### Goal of the exercise
Look below for the line that contains "set_reduce by fastforce", then copy it and each following line exactly, through and including the line that contains "by (auto simp: W_rels_def W_gens_def)".

Saved data entries:
━━━━━━━━━━━━━━━━
lemma reduce_append_eq_Nil:
  assumes "reduced u" "reduced v" "reduce (u @ v) = []"
  shows "v = rev u"
  using assms
proof (induction u arbitrary: v rule: rev_induct)
  case Nil thus ?case by (simp add: reduce_reduced)
next
  case (snoc a u)
  have ru: "reduced u" using snoc.prems by (simp add: reduced_append)
  have "reduce (u @ [a] @ v) = reduce (u @ reduce (a # v))"
    using reduce_append_reduce_right[of u "a # v"] by simp
  hence e: "reduce (u @ cancel_cons a v) = []" using snoc.prems by (simp add: reduce_reduced)
  show ?case
  proof (cases "v \<noteq> [] \<and> hd v = a")
    case True
    then obtain v' where v: "v = a # v'" by (cases v) auto
    have "v' = rev u"
      using snoc.IH[OF ru, of v'] snoc.prems e v by (simp add: reduced_Cons)
    thus ?thesis using v by simp
  next
    case False
    hence "cancel_cons a v = a # v" by (cases v) auto
    moreover have "reduced (a # v)" using snoc.prems False by (auto simp: reduced_Cons)
    ultimately have "a # v = rev u" using snoc.IH[OF ru, of "a # v"] e by simp
    hence "u = rev v @ [a]" by (metis rev.simps(2) rev_rev_ident)
    hence "\<not> reduced (u @ [a])" by (simp add: reduced_append)
    thus ?thesis using snoc.prems by simp
  qed
qed

lemma reduced_palindrome:
  assumes "reduced w" "rev w = w" "w \<noteq> []"
  shows "\<exists>u a. w = u @ a # rev u"
proof -
  define k where "k = length w div 2"
  define u where "u = take k w"
  define v where "v = drop k w"
  have w: "w = u @ v" and lu: "length u = k" by (simp_all add: u_def v_def k_def)
  show ?thesis
  proof (cases "even (length w)")
    case True
    hence "length v = k" by (auto simp: v_def k_def)
    moreover have "rev v @ rev u = u @ v" using assms(2) w by simp
    ultimately have "rev v = u" using append_eq_append_conv[of "rev v" u "rev u" v] lu by auto
    hence "w = u @ rev u" "u \<noteq> []" using w assms(3) by auto
    hence "\<not> reduced w" by (simp add: reduced_append hd_rev)
    thus ?thesis using assms by simp
  next
    case False
    hence lv: "length v = Suc k" by (auto simp: v_def k_def elim!: oddE)
    then obtain a v' where v: "v = a # v'" by (cases v) auto
    have "rev v' @ a # rev u = u @ a # v'" using assms(2) w v by simp
    hence "rev v' = u"
      using append_eq_append_conv[of "rev v'" u "a # rev u" "a # v'"] lu lv v by auto
    thus ?thesis using w v by (metis rev_rev_ident)
  qed
qed

lemma reduce_conj_palindrome:
  "reduce ((u @ a # rev u) @ (u @ a # w @ b # rev w @ a # rev u) @ (u @ a # rev u))
     = reduce (u @ w @ b # rev w @ rev u)"
proof -
  have "reduce ((u @ a # rev u) @ (u @ a # w @ b # rev w @ a # rev u) @ (u @ a # rev u))
      = reduce ((u @ [a]) @ rev u @ u @ (a # w @ b # rev w @ a # rev u @ u @ a # rev u))" by simp
  also have "\<dots> = reduce (u @ [a, a] @ (w @ b # rev w @ a # rev u @ u @ a # rev u))"
    by (simp only: reduce_rev_append_cancel) simp
  also have "\<dots> = reduce ((u @ w @ b # rev w @ [a]) @ rev u @ u @ (a # rev u))"
    by (simp only: reduce_cancel_pair) simp
  also have "\<dots> = reduce ((u @ w @ b # rev w) @ [a, a] @ rev u)"
    by (simp only: reduce_rev_append_cancel) simp
  also have "\<dots> = reduce (u @ w @ b # rev w @ rev u)"
    by (simp only: reduce_cancel_pair) simp
  finally show ?thesis .
qed

lemma prefix_palindrome_decomp:
  assumes "prefix (u @ [a]) (v @ [b])" "u @ a # rev u \<noteq> v @ b # rev v"
  shows "\<exists>w. v @ b # rev v = u @ a # w @ b # rev w @ a # rev u"
proof -
  obtain x where x: "v @ [b] = u @ [a] @ x" using assms(1) by (auto elim: prefixE)
  have "x \<noteq> []" using x assms(2) by auto
  then obtain w where "x = w @ [b]" using x by (cases x rule: rev_exhaust) auto
  hence "v = u @ a # w" using x by simp
  thus ?thesis by auto
qed

text \<open>When the halves \<open>U k @ [A k]\<close> are pairwise prefix-incomparable, cancellation in a
  product of the palindromes \<open>f k\<close> never reaches a middle letter: the last factor keeps its
  second half and each factor contributes at least one letter.\<close>

lemma reduce_concat_palindromes:
  assumes pal: "\<And>k. k \<in> D \<Longrightarrow> f k = U k @ A k # rev (U k)"
    and red: "\<And>k. k \<in> D \<Longrightarrow> reduced (f k)"
    and par: "\<And>i j. i \<in> D \<Longrightarrow> j \<in> D \<Longrightarrow> i \<noteq> j \<Longrightarrow> U i @ [A i] \<parallel> U j @ [A j]"
  shows "reduced w \<Longrightarrow> w \<noteq> [] \<Longrightarrow> set w \<subseteq> D \<Longrightarrow>
    \<exists>Q. reduce (concat (map f w)) = Q @ rev (U (last w) @ [A (last w)]) \<and> length w \<le> length Q + 1"
proof (induction w rule: rev_induct)
  case (snoc j w)
  have j: "j \<in> D" and fj: "f j = U j @ rev (U j @ [A j])" using snoc.prems pal by auto
  show ?case
  proof (cases "w = []")
    case True
    thus ?thesis using fj reduce_reduced[OF red[OF j]] by (intro exI[of _ "U j"]) simp
  next
    case False
    define i where "i = last w"
    have i: "i \<in> D" and ij: "i \<noteq> j" and rw: "reduced w"
      using False snoc.prems by (auto simp: i_def reduced_append)
    obtain Q where Q: "reduce (concat (map f w)) = Q @ rev (U i @ [A i])" "length w \<le> length Q + 1"
      using snoc.IH[OF rw False] snoc.prems by (auto simp: i_def)
    obtain p b s d t where pb: "U i @ [A i] = p @ b # s" "U j @ [A j] = p @ d # t" "b \<noteq> d"
      using parallel_decomp[OF par[OF i j ij]] by blast
    have "f j = (U j @ [A j]) @ rev (U j)" using pal[OF j] by simp
    hence fj': "f j = p @ d # t @ rev (U j)" unfolding pb(2) by simp
    have "reduce (concat (map f (w @ [j]))) = reduce (reduce (concat (map f w)) @ f j)"
      by (simp add: reduce_append_reduce_left)
    also have "\<dots> = reduce ((Q @ rev s @ [b]) @ rev p @ p @ (d # t @ rev (U j)))"
      using Q(1) pb(1) fj' by simp
    also have "\<dots> = (Q @ rev s @ [b]) @ (d # t @ rev (U j))"
    proof (rule reduce_rev_append_cancel_reduced)
      have "reduced (Q @ rev (U i @ [A i]))" using Q(1) reduced_reduce by metis
      thus "reduced ((Q @ rev s @ [b]) @ rev p)" unfolding pb(1) by simp
      show "reduced (p @ d # t @ rev (U j))" using red[OF j] fj' by simp
    qed (use pb(3) in simp)
    also have "d # t @ rev (U j) = drop (length p) (U j) @ rev (U j @ [A j])"
    proof -
      have "length p \<le> length (U j)" using arg_cong[OF pb(2), of length] by simp
      hence "drop (length p) (f j) = drop (length p) (U j) @ rev (U j @ [A j])" using fj by simp
      thus ?thesis using fj' by simp
    qed
    finally show ?thesis using Q(2)
      by (intro exI[of _ "Q @ rev s @ [b] @ drop (length p) (U j)"]) simp
  qed
qed simp

abbreviation W_eq :: "nat \<Rightarrow> (nat list \<times> nat list) set" where
  "W_eq n \<equiv> pres_eq (W_gens n) (W_rels n)"

abbreviation W_cls :: "nat \<Rightarrow> nat list \<Rightarrow> nat list set" where
  "W_cls n w \<equiv> pcls (W_gens n) (W_rels n) w"

abbreviation AutW :: "nat \<Rightarrow> (nat list set \<Rightarrow> nat list set) monoid" where
  "AutW n \<equiv> AutoGroup (W n)"

lemma W_gens_iff: "k \<in> W_gens n \<longleftrightarrow> 1 \<le> k \<and> k \<le> n"
  by (simp add: W_gens_def)

lemma finite_W_gens: "finite (W_gens n)"
  by (simp add: W_gens_def)

lemma W_eq_imp_reduce_eq: "(u, v) \<in> W_eq n \<Longrightarrow> reduce u = reduce v"
proof (induction rule: pres_eq.induct)
  case (rel u v r) thus ?case using reduce_cancel_pair[of u _ v] by (auto simp: W_rels_def)
qed auto

lemma W_eq_reduce: "set w \<subseteq> W_gens n \<Longrightarrow> (w, reduce w) \<in> W_eq n"
proof (induction w)
  case Nil thus ?case by (auto intro: pres_eq.refl)
next
  case (Cons a w)
  hence aw: "(a # w, a # reduce w) \<in> W_eq n"
    using pres_eq_context[of w "reduce w" "W_gens n" "W_rels n" "[a]" "[]"] by simp
  have "set (reduce w) \<subseteq> W_gens n" using Cons set_reduce by fastforce
  hence "(a # a # y, y) \<in> W_eq n" if "reduce w = a # y" for y
    using pres_eq.rel[of "[]" "W_gens n" y "[a, a]" "W_rels n"] that Cons.prems
    by (auto simp: W_rels_def W_gens_def)
  thus ?case using aw by (cases "reduce w") (auto intro: pres_eq.trans)
qed

lemma W_eq_iff_reduce:
  "set u \<subseteq> W_gens n \<Longrightarrow> set v \<subseteq> W_gens n \<Longrightarrow> (u, v) \<in> W_eq n \<longleftrightarrow> reduce u = reduce v"
  by (metis W_eq_imp_reduce_eq W_eq_reduce pres_eq.sym pres_eq.trans)

lemma W_cls_eq_iff:
  "set u \<subseteq> W_gens n \<Longrightarrow> set v \<subseteq> W_gens n \<Longrightarrow> W_cls n u = W_cls n v \<longleftrightarrow> reduce u = reduce v"
  by (simp add: pcls_eq_iff W_eq_iff_reduce)

lemma carrier_W: "carrier (W n) = carrier (pres_group (W_gens n) (W_rels n))"
  by (simp add: W_def)

lemma group_W: "group (W n)"
  unfolding W_def by (rule group_pres_group) (auto simp: W_rels_def W_gens_def)

lemma group_AutW: "group (AutW n)"
  by (rule group.AutoGroup[OF group_W])

lemma W_cls_in_carrier: "set w \<subseteq> W_gens n \<Longrightarrow> W_cls n w \<in> carrier (W n)"
  by (simp add: carrier_W pcls_in_carrier)

lemma carrier_WE:
  assumes "A \<in> carrier (W n)"
  obtains w where "set w \<subseteq> W_gens n" "A = W_cls n w"
  using assms by (auto simp: carrier_W elim: carrier_pres_groupE)

lemma mult_W:
  "set u \<subseteq> W_gens n \<Longrightarrow> set v \<subseteq> W_gens n \<Longrightarrow> W_cls n u \<otimes>\<^bsub>W n\<^esub> W_cls n v = W_cls n (u @ v)"
  by (simp add: W_def mult_pres_group)

lemma one_W: "\<one>\<^bsub>W n\<^esub> = W_cls n []"
  by (simp add: W_def one_pres_group)

lemma carrier_AutoGroup: "carrier (AutoGroup H) = auto H"
  by (simp add: AutoGroup_def BijGroup_def)

lemma mult_AutoGroup:
  "x \<in> auto H \<Longrightarrow> y \<in> auto H \<Longrightarrow> x \<otimes>\<^bsub>AutoGroup H\<^esub> y = compose (carrier H) x y"
  by (simp add: AutoGroup_def BijGroup_def auto_def)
━━━━━━━━━━━━━━━━
### Solution for this exercise
  have "set (reduce w) \<subseteq> W_gens n" using Cons set_reduce by fastforce
  hence "(a # a # y, y) \<in> W_eq n" if "reduce w = a # y" for y
    using pres_eq.rel[of "[]" "W_gens n" y "[a, a]" "W_rels n"] that Cons.prems
    by (auto simp: W_rels_def W_gens_def)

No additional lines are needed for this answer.